* **ABOUT THIS EXERCISE**
Produce the records below again, word for word, but stop after the line that contains "using u_leaves assms(1) by simp".

__________

lemma even_nbr_s:
  assumes "i \<in> {1..p}" "{s i, e} \<in> E" "even (h e)"
  obtains t where "t \<in> {1..k i}" "e = u i t"
proof -
  have e: "e \<in> V" "{e, s i} \<in> E"
    using edge_vertices assms(2) by (auto simp: insert_commute)
  have "h e \<le> 2"
    using vheight_edge_le[OF e(2)] level1_s(2)[OF assms(1)] by simp
  then have "h e = 0 \<or> h e = 2"
    using assms(3) by presburger
  then show thesis
  proof
    assume "h e = 0"
    then have "e \<in> nbhd E (s i) \<inter> level V E 0"
      using e unfolding level_def nbhd_def by simp
    then have "e \<in> u i ` {2..k i}"
      using u_leaves assms(1) by simp
    then obtain t where "t \<in> {2..k i}" "e = u i t"
      by blast
    then show thesis
      by (intro that[of t]) auto
  next
    assume "h e = 2"
    then have "e \<in> nbhd E (s i) \<inter> level V E 2"
      using e unfolding level_def nbhd_def by simp
    then have "e = u i 1"
      using u1[rule_format, OF assms(1)] by blast
    then show thesis
      using k_ge_1[OF assms(1)] by (intro that[of 1]) auto
  qed
qed

lemma even_vertex_nbr_s:
  assumes "v \<in> V" "even (h v)"
  obtains i where "i \<in> {1..p}" "{s i, v} \<in> E"
proof -
  obtain x where x: "{v, x} \<in> E" "h x = 1"
  proof (cases "h v = 0")
    case True
    then obtain x where "nbhd E v = {x}"
      using vheight_eq_0_iff[OF assms(1)] unfolding is_leaf_def by (metis card_1_singletonE)
    then have edge: "{v, x} \<in> E"
      unfolding nbhd_def by (auto simp: insert_commute)
    have "h x \<le> 1"
      using vheight_edge_le[of x v] edge True by (simp add: insert_commute)
    moreover have "h x \<noteq> 0"
      using bal edge True unfolding balanced_def by metis
    ultimately show thesis
      using that edge by simp
  next
    case False
    then have "h v = Suc 1"
      using vheight_le_3[OF assms(1)] assms(2) by presburger
    then show thesis
      using vheight_Suc_nbr[OF assms(1)] that by blast
  qed
  then have "x \<in> level V E 1"
    using edge_vertices unfolding level_def by blast
  then obtain i where "i \<in> {1..p}" "x = s i"
    using s_V1 by (metis imageE)
  then show thesis
    using that x(1) by (simp add: insert_commute)
qed

definition admissible :: "(nat \<Rightarrow> nat) \<Rightarrow> bool" where
  "admissible a \<longleftrightarrow> (\<forall>i\<in>{1..p}. 1 \<le> a i \<and> a i \<le> k i)"

definition choice_set :: "(nat \<Rightarrow> nat) \<Rightarrow> 'a set" where
  "choice_set a = (\<lambda>i. u i (a i)) ` {1..p}"

text \<open>If s_i is dominated through u_{i,1} and s_j shares this neighbour,
  a leaf chosen for s_j would be redundant.\<close>

definition u1_closed :: "(nat \<Rightarrow> nat) \<Rightarrow> bool" where
  "u1_closed a \<longleftrightarrow> (\<forall>i\<in>{1..p}. \<forall>j\<in>{1..p}. u i 1 = u j 1 \<longrightarrow> a i = 1 \<longrightarrow> a j = 1)"

lemma admissibleE:
  assumes "admissible a" "i \<in> {1..p}"
  obtains "a i = 1" | "a i \<in> {2..k i}"
  using assms unfolding admissible_def by force

lemma chosen_vertex:
  assumes "admissible a" "i \<in> {1..p}"
  shows "{u i (a i), s i} \<in> E" "u i (a i) \<in> V_even V E"
  using assms level2_u1[OF assms(2)] leaf_u[OF assms(2)] unfolding V_even_def
  by (cases rule: admissibleE; simp)+

lemma choice_set_subset: "admissible a \<Longrightarrow> choice_set a \<subseteq> V_even V E"
  using chosen_vertex(2) unfolding choice_set_def by blast

lemma choice_set_leaf:
  assumes "admissible b" "i \<in> {1..p}" "t \<in> {2..k i}" "u i t \<in> choice_set b"
  shows "b i = t"
proof -
  obtain j where j: "j \<in> {1..p}" "u i t = u j (b j)"
    using assms(4) unfolding choice_set_def by blast
  show ?thesis
  proof (cases rule: admissibleE[OF assms(1) j(1)])
    case 1
    then show ?thesis
      using leaf_u_ne_u1[OF assms(2) j(1) assms(3)] j(2) by simp
  next
    case 2
    then show ?thesis
      using leaf_u_inj[OF assms(2) j(1) assms(3) 2 j(2)] by simp
  qed
qed

lemma choice_set_inj:
  assumes "admissible a" "admissible b" "choice_set a = choice_set b" "i \<in> {1..p}"
  shows "a i = b i"
proof -
  have a_in: "u i (a i) \<in> choice_set b" and b_in: "u i (b i) \<in> choice_set a"
    using assms(3,4) unfolding choice_set_def by auto
  show ?thesis
  proof (cases rule: admissibleE[OF assms(1,4)])
    case 1
    show ?thesis
    proof (cases rule: admissibleE[OF assms(2,4)])
      case 2
      then show ?thesis
        using choice_set_leaf[OF assms(1,4) 2 b_in] by simp
    qed (use 1 in simp)
  next
    case 2
    then show ?thesis
      using choice_set_leaf[OF assms(2,4) 2 a_in] by simp
  qed
qed

lemma choice_set_nbr_s:
  assumes "admissible a" "u1_closed a" "i \<in> {1..p}" "e \<in> choice_set a" "{e, s i} \<in> E"
  shows "e = u i (a i)"
proof -
  obtain j where j: "j \<in> {1..p}" "e = u j (a j)"
    using assms(4) unfolding choice_set_def by blast
  show ?thesis
  proof (cases rule: admissibleE[OF assms(1) j(1)])
    case 1
    then have "e \<in> nbhd E (s i) \<inter> level V E 2"
      using level2_u1[OF j(1)] j(2) assms(5) unfolding nbhd_def level_def by simp
    then have "u j 1 = u i 1"
      using u1[rule_format, OF assms(3)] j(2) 1 by simp
    then have "a i = 1"
      using assms(2) j(1) assms(3) 1 unfolding u1_closed_def by blast
    then show ?thesis
      using \<open>u j 1 = u i 1\<close> j(2) 1 by simp
  next
    case 2
    have "s i \<in> nbhd E e"
      using assms(5) unfolding nbhd_def by (simp add: insert_commute)
    then have "s i = s j"
      using leaf_u(4)[OF j(1) 2] j(2) by simp
    then have "i = j"
      using s_inj assms(3) j(1) unfolding inj_on_def by blast
    then show ?thesis
      using j(2) by simp
  qed
qed

lemma odd_TD_set_choice_set:
  assumes "admissible a" "level V E 3 \<subseteq> nbhd_set E (choice_set a)"
  shows "odd_TD_set V E (choice_set a)"
  unfolding odd_TD_set_def
proof
  show "choice_set a \<subseteq> V"
    using choice_set_subset[OF assms(1)] unfolding V_even_def by blast
  show "V_odd V E \<subseteq> nbhd_set E (choice_set a)"
  proof
    fix y
    assume "y \<in> V_odd V E"
    then have y: "y \<in> V" "odd (h y)"
      unfolding V_odd_def by auto
    then have "h y = 1 \<or> h y = 3"
      using vheight_le_3[OF y(1)] by presburger
    then show "y \<in> nbhd_set E (choice_set a)"
    proof
      assume "h y = 1"
      then have "y \<in> level V E 1"
        using y(1) unfolding level_def by simp
      then obtain i where i: "i \<in> {1..p}" "y = s i"
        using s_V1 by (metis imageE)
      have "u i (a i) \<in> choice_set a"
        using i(1) unfolding choice_set_def by blast
      moreover have "{y, u i (a i)} \<in> E"
        using chosen_vertex(1)[OF assms(1) i(1)] i(2) by (simp add: insert_commute)
      ultimately show ?thesis
        unfolding nbhd_set_iff by blast
    next
      assume "h y = 3"
      then show ?thesis
        using assms(2) y(1) unfolding level_def by blast
    qed
  qed
qed
(* Assume that $(R,\mathfrak m)$ is $F$-pure and let $\mathfrak a$ be an ideal of $R$. Then $(0:_E\mathfrak a)\subseteq(\operatorname{ann}_{\Phi(E)}(\mathfrak aR[x,f]))_0$ if and only if $\mathfrak a$ is $\Phi(E)$-special and $(\operatorname{ann}_{\Phi(E)}(\mathfrak aR[x,f]))_0=(0:_E\mathfrak a)$.
   Context: $(R,\mathfrak m)$ is a commutative Noetherian local ring of prime characteristic $p$. $R$ is $F$-pure if for every $R$-module $M$ the map $M\to R^{(1)}\otimes_RM$, $m\mapsto1\otimes m$, is injective ($R^{(1)}$ = $R$ with right structure via $r\mapsto r^p$). The Frobenius skew polynomial ring $R[x,f]$ consists of polynomials $\sum r_ix^i$, free left $R$-module on $(x^i)_{i\ge0}$, with $xr=r^px$; graded with $n$th component $Rx^n$. $E=E_R(R/\mathfrak m)$; $\Phi(E)=R[x,f]\otimes_RE=\bigoplus_nRx^n\otimes_RE$, with $0$th component $R\otimes_RE$ identified with $E$. An ideal is $\Phi(E)$-special if it equals $(0:_RN)$ for some $R[x,f]$-submodule $N$ of $\Phi(E)$. $\operatorname{ann}_{\Phi(E)}(\mathfrak aR[x,f])$ is the $R[x,f]$-submodule of $\Phi(E)$ consisting of elements annihilated by all $rx^n$ with $r\in\mathfrak a$, $n\ge0$, and $(\cdot)_0$ denotes its $0$th component, a submodule of $E$. *)

theory Defs
  imports Main "HOL-Computational_Algebra.Primes"
begin
(* Let $0<s<1$, let $K$ satisfy the standing assumptions below together with condition (B) for some $\sigma\in(0,s)$, let $1+\sigma-s<p<\infty$, and let $n$ be a nonnegative integer. There is a constant $C>0$ (independent of $f$ and $z$) such that for every $f\in B_p^K(s)$ and every $z\in\mathbb{D}$, $$|f^{(n)}(z)|\le C\,\|f\|_{B_p^K(s)}\left(\frac{K(1-|z|^2)}{(1-|z|^2)^{pn+s}}\right)^{1/p}.$$
   Context: $\mathbb{D}$ is the open unit disc, $H(\mathbb{D})$ the analytic functions on $\mathbb{D}$, $dA$ the normalized area measure, $\varphi_a(z)=\frac{a-z}{1-\bar az}$. Standing assumptions: $K:[0,\infty)\to[0,\infty)$ is nondecreasing, right-continuous, not identically zero, and with $\varphi_K(x)=\sup_{0<t\le 1}K(tx)/K(t)$ satisfies $\int_0^1\frac{\varphi_K(x)}{x}\,dx<\infty$. Condition (B) for $\sigma>0$: $\int_1^\infty\frac{\varphi_K(x)}{x^{1+\sigma}}\,dx<\infty$. $\|f\|_{B_p(s)}^p=|f(0)|^p+\int_{\mathbb{D}}|f'(z)|^p(1-|z|^2)^{p-2+s}\,dA(z)$ and $\|f\|_{B_p^K(s)}^p=|f(0)|^p+\sup_{a\in\mathbb{D}}\frac{(1-|a|^2)^s}{K(1-|a|^2)}\|f\circ\varphi_a-f(a)\|_{B_p(s)}^p$; $B_p^K(s)$ is the set of $f\in H(\mathbb{D})$ with this quantity finite. *)

theory Defs
  imports "HOL-Analysis.Analysis"
begin

definition udisc :: "complex set" where
  "udisc = ball 0 1"

definition disc_aut :: "complex \<Rightarrow> complex \<Rightarrow> complex" where
  "disc_aut a z = (a - z) / (1 - cnj a * z)"

definition phiK :: "(real \<Rightarrow> real) \<Rightarrow> real \<Rightarrow> ennreal" where
  "phiK K x = (SUP t\<in>{0<..1}. ennreal (K (t * x) / K t))"

definition standing_K :: "(real \<Rightarrow> real) \<Rightarrow> bool" where
  "standing_K K \<longleftrightarrow>
     (\<forall>x\<ge>0. K x \<ge> 0) \<and> mono_on {0..} K \<and>
     (\<forall>x\<ge>0. continuous (at_right x) K) \<and> (\<exists>x\<ge>0. K x \<noteq> 0) \<and>
     (\<forall>t>0. K t > 0) \<and>
     (\<integral>\<^sup>+ x. indicator {0<..<1} x * phiK K x / ennreal x \<partial>lborel) < \<infinity>"

definition condB :: "(real \<Rightarrow> real) \<Rightarrow> real \<Rightarrow> bool" where
  "condB K \<sigma> \<longleftrightarrow>
     (\<integral>\<^sup>+ x. indicator {1<..} x * phiK K x / ennreal (x powr (1 + \<sigma>)) \<partial>lborel) < \<infinity>"

text \<open>p-th power of the B_p(s) norm, with normalized area measure dA = dx dy / pi.\<close>
definition Bp_normp :: "real \<Rightarrow> real \<Rightarrow> (complex \<Rightarrow> complex) \<Rightarrow> ennreal" where
  "Bp_normp p s f = ennreal (cmod (f 0) powr p) +
     (\<integral>\<^sup>+ z. indicator udisc z *
        ennreal (cmod (deriv f z) powr p * (1 - (cmod z)\<^sup>2) powr (p - 2 + s) / pi) \<partial>lborel)"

__________

* **SOLUTION TO THIS PROBLEM**
lemma even_nbr_s:
  assumes "i \<in> {1..p}" "{s i, e} \<in> E" "even (h e)"
  obtains t where "t \<in> {1..k i}" "e = u i t"
proof -
  have e: "e \<in> V" "{e, s i} \<in> E"
    using edge_vertices assms(2) by (auto simp: insert_commute)
  have "h e \<le> 2"
    using vheight_edge_le[OF e(2)] level1_s(2)[OF assms(1)] by simp
  then have "h e = 0 \<or> h e = 2"
    using assms(3) by presburger
  then show thesis
  proof
    assume "h e = 0"
    then have "e \<in> nbhd E (s i) \<inter> level V E 0"
      using e unfolding level_def nbhd_def by simp
    then have "e \<in> u i ` {2..k i}"
      using u_leaves assms(1) by simp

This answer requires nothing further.